TO DO: For every line in the data below that contains "from", copy the line.

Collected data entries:

lemma flat_invariants:
  shows "nt_rank X \<le> k \<Longrightarrow> flat X e k = (ps, k') \<Longrightarrow> flat_inv {Nt X} k k' (set ps)"
    and "flat_conc es k = (\<beta>, ps, k') \<Longrightarrow> flat_conc_inv k k' \<beta> (set ps)"
    and "nt_rank X \<le> k \<Longrightarrow> flat_alt X es' k = (ps, k') \<Longrightarrow> flat_inv {Nt X} k k' (set ps)"
proof (induction X e k and es k and X es' k arbitrary: ps k' and \<beta> ps k' and ps k'
    rule: flat_flat_conc_flat_alt.induct)
  case (1 X a k)
  then show ?case by (auto intro!: flat_inv_no_fresh)
next
  case (2 X A k)
  then show ?case by (auto intro!: flat_inv_no_fresh)
next
  case (3 X es k)
  then show ?case by (auto split: prod.splits intro: flat_inv_conc_prod)
next
  case (4 X es k)
  then show ?case by simp
next
  case (5 X e k)
  then show ?case by (auto split: prod.splits intro: flat_inv_opt)
next
  case (6 X e k)
  obtain ps0 k0 where body: "flat (Fresh k) e (Suc k) = (ps0, k0)" by fastforce
  with 6 have "flat_inv {Nt (Fresh k)} (Suc k) k0 (set ps0)" by simp
  with 6 body show ?case by (auto intro: flat_inv_star)
next
  case (7 k)
  then show ?case using flat_conc_inv_Nil by auto
next
  case (8 e es k)
  show ?case
  proof (cases "single_sym e")
    case (Some s)
    obtain \<beta>' ps' k'' where es: "flat_conc es k = (\<beta>', ps', k'')" by (metis prod_cases3)
    with 8 Some have "flat_conc_inv k k'' \<beta>' (set ps')" by simp
    with 8 Some es show ?thesis
      by (auto intro: flat_conc_inv_Cons_nonfresh dest: single_sym_not_fresh)
  next
    case None
    obtain ps1 k1 where e: "flat (Fresh k) e (Suc k) = (ps1, k1)" by fastforce
    obtain \<beta>' ps2 k2 where es: "flat_conc es k1 = (\<beta>', ps2, k2)" by (metis prod_cases3)
    from 8 None e have inv1: "flat_inv {Nt (Fresh k)} (Suc k) k1 (set ps1)" by simp
    from 8 None e es have inv2: "flat_conc_inv k1 k2 \<beta>' (set ps2)" by simp
    from 8(4) None e es have "\<beta> = Nt (Fresh k) # \<beta>'" "ps = ps1 @ ps2" "k' = k2" by simp_all
    with flat_conc_inv_Cons_fresh[OF inv1 inv2] show ?thesis by simp
  qed
next
  case (9 X k)
  then show ?case using flat_inv_empty by auto
next
  case (10 X e es k)
  obtain ps1 k1 where e: "flat X e k = (ps1, k1)" by fastforce
  obtain ps2 k2 where es: "flat_alt X es k1 = (ps2, k2)" by fastforce
  from 10 e have inv1: "flat_inv {Nt X} k k1 (set ps1)" by simp
  then have "nt_rank X \<le> k1" using \<open>nt_rank X \<le> k\<close> by (simp add: flat_inv_def)
  with 10 e es have "flat_inv {Nt X} k1 k2 (set ps2)" by simp
  from flat_inv_append[OF inv1 this] 10 e es show ?case by auto
qed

RESPONSE AREA:
    from 8 None e have inv1: "flat_inv {Nt (Fresh k)} (Suc k) k1 (set ps1)" by simp
    from 8 None e es have inv2: "flat_conc_inv k1 k2 \<beta>' (set ps2)" by simp
    from 8(4) None e es have "\<beta> = Nt (Fresh k) # \<beta>'" "ps = ps1 @ ps2" "k' = k2" by simp_all
  from 10 e have inv1: "flat_inv {Nt X} k k1 (set ps1)" by simp
  from flat_inv_append[OF inv1 this] 10 e es show ?case by auto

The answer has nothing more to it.